Hip Hop Honors 2016 Was Entirely Too Lit
The Hip Hop Honors 2016: All Hail The Queens was much more than just another celebration of celebrity. It was a ceremony to honor hip hop’s legacy.
The 2016 Hip Hop Honors ceremony was a 2-hour blow out commemoration of the achievements of hip hop pioneers Lil Kim, Salt n Pepa with DJ Spinderella, Missy Elliott, and Queen Latifah. These legends wore beaming grins through the whole broadcast as they watched their friends, contemporaries, and fans shower them with praise. in their acceptance speeches, each performer was gracious, thanking God and long lists of lifetime collaborators. They also spoke to the Movement for Black Lives, calling for unity and strength in our endeavors to change the world. And seeing this all take place on-screen was a welcome celebration of blackness in light of recent tragedies.
At the same time, All Hail The Queens was a nostalgic ride through the better times of hip hop.
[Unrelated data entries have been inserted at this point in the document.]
lemma has_sum_prod_PiE:
  fixes f :: "'a \<Rightarrow> 'b :: countable \<Rightarrow> 'c :: {real_normed_field, banach, second_countable_topology}"
  assumes "finite A" and "\<And>x. x \<in> A \<Longrightarrow> (\<lambda>y. norm (f x y)) summable_on B x"
  shows "((\<lambda>g. \<Prod>x\<in>A. f x (g x)) has_sum (\<Prod>x\<in>A. \<Sum>\<^sub>\<infinity>y\<in>B x. f x y)) (PiE A B)"
proof -
  have "Infinite_Set_Sum.abs_summable_on (\<lambda>g. \<Prod>x\<in>A. f x (g x)) (PiE A B)"
    using assms(1) by (rule abs_summable_on_prod_PiE) (use assms(2) abs_summable_equivalent in auto)
  then have "(\<lambda>g. \<Prod>x\<in>A. f x (g x)) summable_on PiE A B"
    using abs_summable_equivalent abs_summable_summable by blast
  moreover have "(\<Sum>\<^sub>\<infinity>g\<in>PiE A B. \<Prod>x\<in>A. f x (g x)) = (\<Prod>x\<in>A. \<Sum>\<^sub>\<infinity>y\<in>B x. f x y)"
    using assms by (intro infsum_prod_PiE_abs) auto
  ultimately show ?thesis by (metis has_sum_infsum)
qed

lemma has_sum_prod_geometric_PiE:
  fixes z :: "'a \<Rightarrow> 'c :: {real_normed_field, banach, second_countable_topology}"
  assumes "finite I" "D \<subseteq> I" "\<And>i. i \<in> I \<Longrightarrow> norm (z i) < 1"
  shows "((\<lambda>m. \<Prod>i\<in>I. z i ^ m i) has_sum ((\<Prod>i\<in>D. z i) / (\<Prod>i\<in>I. 1 - z i)))
           (PiE I (\<lambda>i. if i \<in> D then {1..} else UNIV))"
proof -
  define B :: "'a \<Rightarrow> nat set" where "B = (\<lambda>i. if i \<in> D then {1..} else UNIV)"
  have geom: "((\<lambda>k. z i ^ k) has_sum ((if i \<in> D then z i else 1) / (1 - z i))) (B i)"
    if "i \<in> I" for i
    using has_sum_geometric_from_1[OF assms(3)[OF that]] has_sum_geometric[OF assms(3)[OF that]]
    by (simp add: B_def)
  have norm_geom: "(\<lambda>k. norm (z i ^ k)) summable_on B i" if "i \<in> I" for i
  proof -
    have "(\<lambda>k. norm (z i ^ k)) summable_on UNIV"
      using assms(3)[OF that]
      by (intro norm_summable_imp_summable_on) (auto simp: norm_power intro!: summable_geometric)
    then show ?thesis by (rule summable_on_subset_banach) simp
  qed
  have "((\<lambda>m. \<Prod>i\<in>I. z i ^ m i) has_sum (\<Prod>i\<in>I. \<Sum>\<^sub>\<infinity>k\<in>B i. z i ^ k)) (PiE I B)"
    using has_sum_prod_PiE[of I "\<lambda>i k. z i ^ k" B] assms(1) norm_geom by simp
  also have "(\<Prod>i\<in>I. \<Sum>\<^sub>\<infinity>k\<in>B i. z i ^ k) = (\<Prod>i\<in>I. (if i \<in> D then z i else 1) / (1 - z i))"
    using geom by (intro prod.cong refl) (simp add: infsumI)
  also have "\<dots> = (\<Prod>i\<in>D. z i) / (\<Prod>i\<in>I. 1 - z i)"
    using assms(1,2) by (simp add: prod_dividef prod.If_cases Int_absorb1)
  finally show ?thesis unfolding B_def .
qed

lemma length_if_distinct_set_eq:
  "distinct w \<Longrightarrow> set w = {1..n} \<Longrightarrow> length w = n"
  using distinct_card by fastforce

lemma lin_extD:
  assumes "w \<in> lin_ext P n"
  shows "distinct w" "set w = {1..n}" "length w = n"
  using assms length_if_distinct_set_eq by (auto simp: lin_ext_def)

lemma finite_lin_ext: "finite (lin_ext P n)"
proof (rule finite_subset)
  show "lin_ext P n \<subseteq> {w. set w \<subseteq> {1..n} \<and> length w = n}"
    using lin_extD by blast
qed (rule finite_lists_length_eq, simp)

lemma nth_in_set_take_iff:
  assumes "distinct w" "p < length w"
  shows "w ! p \<in> set (take i w) \<longleftrightarrow> p < i"
  using assms by (auto simp: in_set_conv_nth nth_eq_iff_index_eq)

lemma Des_subset: "Des w \<subseteq> {1..<length w}"
  unfolding Des_def by auto

lemma nth_le_Suc_if_not_Des:
  assumes "Suc q < length w" "Suc q \<notin> Des w"
  shows "w ! q \<le> w ! Suc q"
  using assms by (auto simp: Des_def)

section \<open>From a linear extension and multiplicities to a P-partition\<close>

definition tail_sum :: "nat \<Rightarrow> (nat \<Rightarrow> nat) \<Rightarrow> nat \<Rightarrow> nat" where
  "tail_sum n m p = (\<Sum>i\<in>{Suc p..n}. m i)"

definition prefix_comb :: "nat \<Rightarrow> nat list \<Rightarrow> (nat \<Rightarrow> nat) \<Rightarrow> nat \<Rightarrow> nat" where
  "prefix_comb n w m a = (\<Sum>i\<in>{1..n}. if a \<in> set (take i w) then m i else 0)"

definition des_mults :: "nat \<Rightarrow> nat list \<Rightarrow> (nat \<Rightarrow> nat) set" where
  "des_mults n w = (\<Pi>\<^sub>E i\<in>{1..n}. if i \<in> Des w then {1..} else UNIV)"

lemma des_mults_pos:
  assumes "m \<in> des_mults n w" "length w = n" "i \<in> Des w"
  shows "0 < m i"
proof -
  have "i \<in> {1..n}" using assms(2,3) Des_subset[of w] by auto
  then have "m i \<in> (if i \<in> Des w then {1..} else UNIV)"
    using assms(1) PiE_mem unfolding des_mults_def by fast
  with assms(3) show ?thesis by simp
qed

lemma tail_sum_Suc: "p < n \<Longrightarrow> tail_sum n m p = m (Suc p) + tail_sum n m (Suc p)"
  unfolding tail_sum_def by (simp add: sum.atLeast_Suc_atMost)

lemma tail_sum_antimono: "p \<le> q \<Longrightarrow> tail_sum n m q \<le> tail_sum n m p"
  unfolding tail_sum_def by (rule sum_mono2) auto

lemma prefix_comb_nth:
  assumes "distinct w" "length w = n" "p < n"
  shows "prefix_comb n w m (w ! p) = tail_sum n m p"
proof -
  have "prefix_comb n w m (w ! p) = (\<Sum>i\<in>{1..n}. if p < i then m i else 0)"
    unfolding prefix_comb_def using nth_in_set_take_iff[of w p] assms by simp
  also have "\<dots> = (\<Sum>i\<in>{i\<in>{1..n}. p < i}. m i)"
    by (rule sum.inter_filter[symmetric]) simp
  also have "{i\<in>{1..n}. p < i} = {Suc p..n}" by auto
  finally show ?thesis by (simp add: tail_sum_def)
qed

lemma prefix_comb_notin: "a \<notin> set w \<Longrightarrow> prefix_comb n w m a = 0"
  unfolding prefix_comb_def by (auto intro!: sum.neutral dest: in_set_takeD)

text \<open>Between two positions either some multiplicity is positive, or there is no descent
  and the labels increase.\<close>
lemma tail_sum_less_or_nth_le:
  assumes "length w = n" "m \<in> des_mults n w" "p \<le> q" "q < n"
  shows "tail_sum n m q < tail_sum n m p \<or> w ! p \<le> w ! q"
  using assms(3,4)
proof (induction q rule: dec_induct)
  case (step k)
  show ?case
  proof (cases "m (Suc k) = 0")
    case True
    then have "Suc k \<notin> Des w" using des_mults_pos[OF assms(2,1)] by force
    then have "w ! k \<le> w ! Suc k"
      using step assms(1) by (intro nth_le_Suc_if_not_Des) auto
    then show ?thesis using step tail_sum_Suc[of k n m] True by auto
  next
    case False
    then show ?thesis
      using step tail_sum_Suc[of k n m] tail_sum_antimono[of p k n m] by auto
  qed
qed simp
A bevy of hip-hop artists took to the stage to perform classics from “Ladies First” to “Push It” to “Crush on You” to “Hot Boyz” with all of the wardrobe and passion as the originators. And it was those songs that reminded us of what hip-hop used to be. During a simpler time, the women just had pure flows. Their lyrics had meaning. They were fashion forward. They defied stereotypes. They innovated in an industry that didn’t want them there and during a time where expectations were non-existent. In the face of that, Queen Latifah pushed for “U-N-I-T-Y”, Salt n Pepa proclaimed “Let’s Talk About Sex”, Missy Elliott “Hit Em wit da Hee”, and Lil Kim declared she had “No Time”.
Growing up in the 90’s, I remember those times well. I remember when girls were bleaching and cutting their hair into asymmetrical bobs, when Queen Latifah was an around the way girl, when Missy donned a garbage bag for one of the dopest videos in history, and when Lil Kim’s covers had parents’ groups clutching their pearls. Back then, pushing the envelope was for purposes like AIDS education, sexual liberation, or creativity’s sake and not just for controversy. And Missy’s catalogue, from what she recorded herself to what she wrote or produced for other artists has really come to define much of music for the last 2 decades. Whether these queens knew it back then or not, their work helps to shape a generation.
In the closing performance, Queen Latifah brought up a “who’s who” of female rappers from across the country and throughout history including Yo-Yo, Monie Love, Da Brat, Ms Jade, MC Lyte, Nikki D, Sha Rock, Sweet Tee, The Lady of Rage, Suga T, Rah Digga, Mia X, Heather B, and Eve. It was astonishing to see so much of rap history there on the stage at one time, and it also signified why this show was so important. Just as their careers inspired a generation, their legacies need to inspire a new generation.